The methods section describes the loss functions we are proposing for training neural networks on the task of censored regression. It contains two subsections: one related to losses based on the mean absolute error (MAE) and mean squared error (MSE) and another related to tobit-based losses.

3.1 Censored mean absolute error and censored mean squared error losses

Equations (1) and (2) formalize the concepts of truncation and censoring. In truncation, the true value \(y^*\) takes values in the interval \((t_l,\ t_u)\), where \(t_l\) and \(t_u\) are the lower and upper truncation limits. The variable y is the censored image of the actual variable \(y^*\), and \(c_l\) and \(c_u\) are the lower and upper censoring thresholds. We refer to the interval \((c_l, c_u)\) as the uncensored interval or uncensored domain, and to the interval \(({-\infty ,\ c}_l] \cup [c_u,\ \infty )\) as the censored interval or censored domain.

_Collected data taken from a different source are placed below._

(* Let $E_0$ be a vertex of a weighted tree and let $\Delta$ be a chain of $(-2)$-vertices $F_1,\dots,F_n$ ($F_j$ adjacent to $F_{j+1}$) such that $E_0$ is adjacent to $F_k$ and to no other vertex of $\Delta$, where $k\ge1$ and $n\ge 2k-1$ (configuration $A_n^k$). Let $(m^{(1)},m^{(2)},\dots)$ be the multiplicity sequence of $\Delta$ at $E_0$. Then: (i) if $k=1$, the sequence is periodic: $(1^n,0,1^n,0,\dots)$; (ii) if $k\ge2$, write $n=lk+r+(k-1)$ with $l\ge1$, $0\le r\le k-1$. If $r<k-1$ the sequence begins $(k^l,r)$; if $r=k-1$ and $k\ge3$ it begins $(k^l,k-1,1)$; if $k=2$ and $r=1$ (so $n=2l+2$) it begins $(2^l,1,1,2^l,0)$. Here $a^l$ denotes $l$ consecutive entries equal to $a$.
   Context: Let $E_0$ be a vertex and $\Delta$ a connected set of $(-2)$-vertices (each $F\in\Delta$ has $F\cdot F=-2$, adjacent vertices intersect with $1$, others with $0$), with $E_0$ adjacent to exactly one vertex $f\in\Delta$. The multiplicity sequence of $\Delta$ at $E_0$ is defined as follows. Let $\Gamma^{(1)}=\Delta$. Given a connected subset $\Gamma^{(s)}\subseteq\Delta$ containing $f$, let $Y^{(s)}$ be the smallest nonzero cycle supported on $\Gamma^{(s)}$ with $(E_0+Y^{(s)})\cdot F\le 0$ for all $F\in\Gamma^{(s)}$; if $\Gamma^{(s)}$ is empty put $Y^{(s)}=0$. Put $Z^{(1)}=E_0+Y^{(1)}$ and $Z^{(s+1)}=Z^{(s)}+E_0+Y^{(s+1)}$, where $\Gamma^{(s+1)}$ is the connected component containing $f$ of the set $\{F\in\Delta: Z^{(s)}\cdot F=0\}$ (empty if $f$ is not in this set). Then $m^{(s)}$ is the coefficient of $Y^{(s)}$ at $f$. *)

theory Defs
  imports Main
begin

text \<open>The vertices of \<Delta> have type 'v; D is the (finite) vertex set of \<Delta>;
  ip F G is the intersection number F.G of two vertices of \<Delta>; e F is the intersection
  number E_0.F; f is the unique vertex of \<Delta> adjacent to E_0.
  A cycle supported on \<Delta> is a function 'v \<Rightarrow> int (coefficients); a cycle of the form
  c E_0 + Y is represented by the pair (c, Y).\<close>

definition cyc_dot :: "('v \<Rightarrow> 'v \<Rightarrow> int) \<Rightarrow> 'v set \<Rightarrow> ('v \<Rightarrow> int) \<Rightarrow> 'v \<Rightarrow> int" where
  "cyc_dot ip D Y F = (\<Sum>x\<in>D. Y x * ip x F)"

definition is_cand :: "('v \<Rightarrow> 'v \<Rightarrow> int) \<Rightarrow> ('v \<Rightarrow> int) \<Rightarrow> 'v set \<Rightarrow> 'v set \<Rightarrow> ('v \<Rightarrow> int) \<Rightarrow> bool" where
  "is_cand ip e D \<Gamma> Y \<longleftrightarrow> (\<forall>x. x \<notin> \<Gamma> \<longrightarrow> Y x = 0) \<and> Y \<noteq> (\<lambda>_. 0) \<and>
     (\<forall>F\<in>\<Gamma>. e F + cyc_dot ip D Y F \<le> 0)"

definition minY :: "('v \<Rightarrow> 'v \<Rightarrow> int) \<Rightarrow> ('v \<Rightarrow> int) \<Rightarrow> 'v set \<Rightarrow> 'v set \<Rightarrow> ('v \<Rightarrow> int)" where
  "minY ip e D \<Gamma> = (if \<Gamma> = {} then (\<lambda>_. 0) else
     (THE Y. is_cand ip e D \<Gamma> Y \<and> (\<forall>Y'. is_cand ip e D \<Gamma> Y' \<longrightarrow> (\<forall>x. Y x \<le> Y' x))))"

definition comp_of :: "('v \<Rightarrow> 'v \<Rightarrow> int) \<Rightarrow> 'v set \<Rightarrow> 'v \<Rightarrow> 'v set" where
  "comp_of ip S x = (if x \<in> S then
     {y. (x, y) \<in> {(a, b). a \<in> S \<and> b \<in> S \<and> a \<noteq> b \<and> ip a b \<noteq> 0}\<^sup>*} else {})"

text \<open>State at stage s+1: (\<Gamma>^(s+1), Y^(s+1), E_0-coefficient of Z^(s+1), \<Delta>-part of Z^(s+1)).\<close>
primrec ms_state :: "('v \<Rightarrow> 'v \<Rightarrow> int) \<Rightarrow> ('v \<Rightarrow> int) \<Rightarrow> 'v set \<Rightarrow> 'v \<Rightarrow> nat \<Rightarrow>
    'v set \<times> ('v \<Rightarrow> int) \<times> int \<times> ('v \<Rightarrow> int)" where
  "ms_state ip e D f 0 = (D, minY ip e D D, 1, minY ip e D D)"
| "ms_state ip e D f (Suc s) =
    (case ms_state ip e D f s of (\<Gamma>, Y, c, Z) \<Rightarrow>
      (let \<Gamma>' = comp_of ip {F \<in> D. c * e F + cyc_dot ip D Z F = 0} f;
           Y' = minY ip e D \<Gamma>'
       in (\<Gamma>', Y', c + 1, \<lambda>x. Z x + Y' x)))"

text \<open>Multiplicity sequence, indexed from 1: mult_seq ... s = m^(s) for s \<ge> 1.\<close>
definition mult_seq :: "('v \<Rightarrow> 'v \<Rightarrow> int) \<Rightarrow> ('v \<Rightarrow> int) \<Rightarrow> 'v set \<Rightarrow> 'v \<Rightarrow> nat \<Rightarrow> int" where
  "mult_seq ip e D f s = fst (snd (ms_state ip e D f (s - 1))) f"

text \<open>Configuration A_n^k: chain F_1,...,F_n of (-2)-vertices (indexed by 1..n), E_0 meeting F_k only.\<close>
definition chain_ip :: "nat \<Rightarrow> nat \<Rightarrow> int" where
  "chain_ip i j = (if i = j then -2 else if i = j + 1 \<or> j = i + 1 then 1 else 0)"

definition chain_e :: "nat \<Rightarrow> nat \<Rightarrow> int" where
  "chain_e k j = (if j = k then 1 else 0)"

definition chain_mult_seq :: "nat \<Rightarrow> nat \<Rightarrow> nat \<Rightarrow> int" where
  "chain_mult_seq n k = mult_seq chain_ip (chain_e k) {1..n} k"

end

theory Submission
  imports Defs
begin

(* Intersecting a cycle Y on the chain with F_j is the discrete Laplacian of its
   coefficients, so "(E_0 + Y).F <= 0 on an interval" says that Y is concave there with
   a slope drop at k. From this the smallest such cycle on an interval {a..b} containing k
   is the tent of slope 1 over {a-1..b+1}, flattened at height min (k-a+1) (b-k+1); the
   intersection numbers of E_0 + tent are +1 just outside the interval and -1 at the
   reflected point a+b-k.

   Consequently, after every stage Z^(s).F = -1 at a single vertex (the defect) and 0
   elsewhere, the next Gamma is the interval around k cut off by the defect, and the whole
   construction collapses to an arithmetic recursion next_defect on the defect position
   (theorem chain_mult_seq_defect). *)

lemma chain_cyc_dot:
  assumes supp: "\<forall>x. x \<notin> {1..n} \<longrightarrow> Y x = 0" and F: "F \<in> {1..n}"
  shows "cyc_dot chain_ip {1..n} Y F = Y (F - 1) + Y (F + 1) - 2 * Y F"
proof -
  have term_eq: "Y x * chain_ip x F = (if x = F - 1 then Y x else 0) + (if x = F + 1 then Y x else 0)
      + (if x = F then -2 * Y x else 0)" if "x \<in> {1..n}" for x
    using F that by (auto simp: chain_ip_def)
  have "cyc_dot chain_ip {1..n} Y F = (\<Sum>x\<in>{1..n}. (if x = F - 1 then Y x else 0)
      + (if x = F + 1 then Y x else 0) + (if x = F then -2 * Y x else 0))"
    unfolding cyc_dot_def by (rule sum.cong[OF refl term_eq])
  also have "\<dots> = Y (F - 1) + Y (F + 1) - 2 * Y F"
    using F supp by (simp add: sum.distrib)
  finally show ?thesis .
qed

lemma cyc_dot_add: "cyc_dot ip D (\<lambda>x. Z x + Y x) F = cyc_dot ip D Z F + cyc_dot ip D Y F"
  by (simp add: cyc_dot_def sum.distrib algebra_simps)

definition discr_concave :: "(nat \<Rightarrow> int) \<Rightarrow> nat \<Rightarrow> nat \<Rightarrow> bool" where
  "discr_concave Y p q \<longleftrightarrow> (\<forall>t. p < t \<and> t < q \<longrightarrow> Y (t - 1) + Y (t + 1) \<le> 2 * Y t)"

lemma telescope_lower:
  fixes Y :: "nat \<Rightarrow> int"
  assumes "x0 \<le> x" and "\<And>t. x0 \<le> t \<Longrightarrow> t < x \<Longrightarrow> c \<le> Y (t + 1) - Y t"
  shows "Y x0 + int (x - x0) * c \<le> Y x"
  using assms
proof (induction x rule: dec_induct)
  case base then show ?case by simp
next
  case (step m)
  have "Y x0 + int (m - x0) * c \<le> Y m" and "c \<le> Y (m + 1) - Y m" using step by simp_all
  then show ?case using step(1) by (simp add: Suc_diff_le algebra_simps)
qed

lemma telescope_upper:
  fixes Y :: "nat \<Rightarrow> int"
  assumes "x0 \<le> x" and "\<And>t. x0 \<le> t \<Longrightarrow> t < x \<Longrightarrow> Y (t + 1) - Y t \<le> c"
  shows "Y x \<le> Y x0 + int (x - x0) * c"
  using telescope_lower[of x0 x "-c" "\<lambda>t. - Y t"] assms by force

lemma concave_diff_antimono:
  assumes "discr_concave Y p q" and "p \<le> i" "i \<le> j" "j < q"
  shows "Y (j + 1) - Y j \<le> Y (i + 1) - Y i"
  using assms(3,4)
proof (induction j rule: dec_induct)
  case base then show ?case by simp
next
  case (step m)
  have "p < Suc m \<and> Suc m < q" using assms(2) step by simp
  then have "Y m + Y (m + 2) \<le> 2 * Y (m + 1)"
    using assms(1) unfolding discr_concave_def by (metis Suc_eq_plus1 add_Suc_right diff_Suc_1 one_add_one)
  then show ?case using step by simp
qed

When the true value \(y^*\) takes values in the uncensored interval \((c_l, c_u)\), the censored variable y is equal to the true value \(y^*\), and when the true value \(y^*\) takes values in the censored interval \(({-\infty ,\ c}_l] \cup [c_u,\ \infty )\), the censored variable y is equal to one of the censoring limits \(c_l\) or \(c_u\). The censored variable y is the observed ground truth, while the true value \(y^*\) is what we are aiming to estimate. The truncation of \(y^*\) is also the same as the truncation of y, since y will always take values within a smaller interval than \(y^*\). Truncation is likely to pose challenges when it occurs in the censored interval, as in this case, the exact values are not observed. The loss definitions used throughout this section will use the same notations as in Eqs. (1) and (2). The censored mean absolute error (CMAE) is used to estimate the conditional median, and the theoretical justification for using it is detailed in Sect. 2.4. The CMAE can be regarded as a typical MAE in which the network output is censored; in this approach, the gradient is propagated through the network only if the output of the network is within the censored interval \((c_l, c_u)\). This has an intuitive explanation as follows: if the network f(x) outputs a value smaller than the lower censoring limit \(c_l\) or greater than the upper censoring limit \(c_u\), this is not considered an error, and the loss is, therefore, zero in these cases. In contrast, for truncation, the loss should penalize the network for outputting values outside of the truncation bounds \(t_l\) and \(t_u\). The censored mean squared error (CMSE) is defined similarly to the CMAE, except that the absolute errors are replaced with squared errors. Equations (9), (10), (11), (12), and (13) show the CMAE and CMSE losses.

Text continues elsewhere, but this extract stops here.